Proclinical is seeking a QA Batch Record Reviewer to oversee GMP batch documentation and ensure full compliance with regulatory and internal quality requirements. Strong attention to detail and the ability to work independently are essential. German fluency is mandatory; English is preferred.
Please note that to be considered for this role you must have the right to work in this location or hold an EU passport.
Responsibilities:
- Review paper-based executed batch records within specified timeframes.
- Track, report, and monitor batch record reviews and other critical metrics to ensure timely batch release.
- Address observations by raising meetings with Operations teams promptly.

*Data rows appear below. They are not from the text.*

lemma OPT_obj_le_if_residual_served:
  assumes xh: "AV_first p c M b t xh"
    and xc: "CV_optimal p c R N b t (\<lambda>i. demand b i - inflow xh i) xc"
      "\<And>i. inflow xc i = demand b i - inflow xh i"
    and feas: "OPT_feasible M b t bC xA"
  shows "OPT_obj p c R N b t bC xA
           \<le> wsum (rA p c b t) xh + pi_CV p c R N b t (\<lambda>i. demand b i - inflow xh i)"
proof -
  let ?A = "\<lambda>x. trip_time b t (inflow x)"
  have bC: "\<And>i. 0 \<le> bC i" and xA: "CV_feasible b (\<lambda>i. demand b i - bC i) xA"
    and budget: "wsum (tau_dr b t) xA \<le> M"
    using feas by (simp_all add: OPT_feasible_iff)
  have "trip_time b t bC \<le> trip_time b t (\<lambda>i. demand b i - inflow xA i)"
    using xA by (intro trip_time_mono) (simp add: CV_feasible_def le_diff_eq add.commute)
  then have "p * R * trip_time b t bC \<le> p * R * (trip_time b t (demand b) - ?A xA)"
    using p_pos R_nonneg unfolding trip_time_diff by (simp add: mult_left_mono)
  then have pi_bC: "pi_CV p c R N b t bC \<le> p * R * (trip_time b t (demand b) - ?A xA)"
    using pi_CV_le_trip_time[of bC, OF bC] by linarith
  have "inflow xc = (\<lambda>i. demand b i - inflow xh i)"
    using xc(2) by auto
  then have pi_residual:
    "pi_CV p c R N b t (\<lambda>i. demand b i - inflow xh i) = p * R * (trip_time b t (demand b) - ?A xh)"
    using pi_CV_eq[OF xc(1)] by (simp add: trip_time_diff)
  have "wsum (rC p c R b t) xA \<le> wsum (rC p c R b t) xh"
    using xc(1) budget OPT_feasible_imp_demand_feasible[OF feas]
    by (intro AV_first_maximizes_CV_revenue[OF xh, of xc]) (simp_all add: CV_optimal_def)
  then show ?thesis
    using pi_bC pi_residual
    unfolding OPT_obj_def wsum_rA_eq_rC_plus_rC2P[where R = R] wsum_rC2P right_diff_distrib
    by linarith
qed

lemma AV_first_maximizes_without_budget:
  assumes xh: "AV_first p c M b t xh"
    and xs: "CV_feasible b (demand b) xs" "\<And>i. inflow xs i = demand b i" "wsum (tau_dr b t) xs \<le> M"
    and y: "CV_feasible b (demand b) y"
  shows "wsum (rA p c b t) y \<le> wsum (rA p c b t) xh"
proof (cases "wsum (tau_dr b t) y \<le> M")
  case True
  then show ?thesis
    using xh y by (simp add: AV_first_iff)
next
  case False
  have "trip_time b t (inflow y) \<le> trip_time b t (inflow xs)"
    using y xs(2) by (intro trip_time_mono) (simp add: CV_feasible_def)
  then have "p * trip_time b t (inflow y) \<le> p * trip_time b t (inflow xs)"
    using p_pos by (simp add: mult_left_mono)
  moreover have "c * wsum (tau_dr b t) xs \<le> c * wsum (tau_dr b t) y"
    using False xs(3) c_nonneg by (simp add: mult_left_mono)
  ultimately have "wsum (rA p c b t) y \<le> wsum (rA p c b t) xs"
    unfolding wsum_rA by linarith
  also have "\<dots> \<le> wsum (rA p c b t) xh"
    using xh xs by (simp add: AV_first_iff)
  finally show ?thesis .
qed

lemma OPT_obj_le_if_full_AV_coverage:
  assumes xh: "AV_first p c M b t xh"
    and xs: "CV_feasible b (demand b) xs" "\<And>i. inflow xs i = demand b i" "wsum (tau_dr b t) xs \<le> M"
    and feas: "OPT_feasible M b t bC xA"
  shows "OPT_obj p c R N b t bC xA \<le> wsum (rA p c b t) xh + pi_CV p c R N b t bC'"
proof (cases "\<exists>x. CV_optimal p c R N b t bC x")
  case True
  then obtain xC where xC: "CV_optimal p c R N b t bC xC" ..
  have xA: "CV_feasible b (\<lambda>i. demand b i - bC i) xA"
    using feas by (simp add: OPT_feasible_iff)
  define z where "z = (\<lambda>i j. 1 * xA i j + 1 * xC i j)"
  have "CV_feasible b (\<lambda>i. 1 * (demand b i - bC i) + 1 * bC i) z"
    unfolding z_def using xA xC by (intro CV_feasible_lincomb) (simp_all add: CV_optimal_def)
  then have "CV_feasible b (demand b) z"
    by simp
  then have "wsum (rA p c b t) z \<le> wsum (rA p c b t) xh"
    by (rule AV_first_maximizes_without_budget[OF xh xs])
  then have "wsum (rA p c b t) xA + wsum (rA p c b t) xC \<le> wsum (rA p c b t) xh"
    unfolding z_def wsum_lincomb by simp
  moreover have "pi_CV p c R N b t bC < wsum (rA p c b t) xC"
    using xC unfolding pi_CV_eq[OF xC] wsum_rA_eq_rC_plus_rC2P[where R = R] wsum_rC2P
    by (simp add: CV_optimal_def)
  ultimately show ?thesis
    using pi_CV_nonneg[of bC'] by (simp add: OPT_obj_def)
next
  case False
  then have "OPT_obj p c R N b t bC xA = wsum (rA p c b t) xA"
    by (simp add: OPT_obj_def pi_CV_def)
  also have "\<dots> \<le> wsum (rA p c b t) xh"
    using xh feas OPT_feasible_imp_demand_feasible[OF feas] by (simp add: AV_first_iff OPT_feasible_iff)
  finally show ?thesis
    using pi_CV_nonneg[of bC'] by simp
qed

end

theorem proposition6:
  fixes b t :: "'l::finite \<Rightarrow> 'l \<Rightarrow> real"
    and p c R N M :: real
    and xA_hat :: "'l \<Rightarrow> 'l \<Rightarrow> real"
  assumes b_nonneg: "\<forall>i j. 0 \<le> b i j"
    and b_pos: "\<forall>i. 0 < (\<Sum>j\<in>UNIV. b i j)"
    and t_pos: "\<forall>i j. i \<noteq> j \<longrightarrow> 0 < t i j"
    and t_diag: "\<forall>i. t i i = 0"
    and p_pos: "0 < p" and c_nonneg: "0 \<le> c"
    and R_pos: "0 < R" and R_lt1: "R < 1"
    and N_pos: "0 < N" and M_nonneg: "0 \<le> M"
    and avfirst: "AV_first p c M b t xA_hat"
    and cond: "(\<exists>xC. CV_optimal p c R N b t (\<lambda>i. (\<Sum>j\<in>UNIV. b i j) - inflow xA_hat i) xC \<and>
                     (\<forall>i. inflow xC i = (\<Sum>j\<in>UNIV. b i j) - inflow xA_hat i))
             \<or> (\<exists>xA. nonneg xA \<and> flow_balance b xA \<and> wsum (tau_dr b t) xA \<le> M \<and>
                     (\<forall>i. inflow xA i = (\<Sum>j\<in>UNIV. b i j)))"
  shows "\<forall>bC xA. OPT_feasible M b t bC xA \<longrightarrow>
           OPT_obj p c R N b t bC xA
             \<le> wsum (rA p c b t) xA_hat + pi_CV p c R N b t (\<lambda>i. (\<Sum>j\<in>UNIV. b i j) - inflow xA_hat i)"
proof (intro allI impI)
  fix bC xA
  assume feas: "OPT_feasible M b t bC xA"
  have "0 \<le> t i j" for i j
    using t_pos t_diag by (cases "i = j") (auto intro: less_imp_le)
  then interpret ride_hailing b t p c R N
    using b_nonneg p_pos c_nonneg R_pos R_lt1 N_pos by unfold_locales auto
  from cond show "OPT_obj p c R N b t bC xA
      \<le> wsum (rA p c b t) xA_hat + pi_CV p c R N b t (\<lambda>i. (\<Sum>j\<in>UNIV. b i j) - inflow xA_hat i)"
  proof (elim disjE exE conjE)
    fix xC
    assume "CV_optimal p c R N b t (\<lambda>i. (\<Sum>j\<in>UNIV. b i j) - inflow xA_hat i) xC"
      and "\<forall>i. inflow xC i = (\<Sum>j\<in>UNIV. b i j) - inflow xA_hat i"
    then show ?thesis
      using OPT_obj_le_if_residual_served[OF avfirst _ _ feas, unfolded demand_def] by blast
  next
    fix xs
    assume "nonneg xs" "flow_balance b xs" "wsum (tau_dr b t) xs \<le> M"
      and "\<forall>i. inflow xs i = (\<Sum>j\<in>UNIV. b i j)"
    then show ?thesis
      using OPT_obj_le_if_full_AV_coverage[OF avfirst _ _ _ feas, unfolded demand_def]
      by (simp add: CV_feasible_def)
  qed
qed

end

Key Skills and Requirements:
- Professional experience in GMP production environments, quality procedures, and SOP execution.
- Academic background in Pharmaceutical Technology, Biotechnology, Chemistry, Pharmacy, or equivalent scientific fields.
- Experience in batch record review is highly preferred.
- Strong communication skills.
- Business fluent German is mandatory; English proficiency is preferred.
- Must be able to work on-site in Visp, Switzerland (no remote work).
If you are having difficulty in applying or if you have any questions, please contact Emile De Beer at e.debeer@proclinical.com.
If you are interested in applying to this exciting opportunity, then please click 'Apply' or to speak to one of our specialists please request a call back at the top of this page.
Proclinical is a leading life sciences recruiter focused on finding exceptional people and matching them with the finest positions across the globe. Proclinical is acting as an Employment Agency in relation to this vacancy.
By submitting this application, you confirm that you've read and understood our privacy policy, which informs you how we process and safeguard your data - https://www.proclinical.com/privacy-policy.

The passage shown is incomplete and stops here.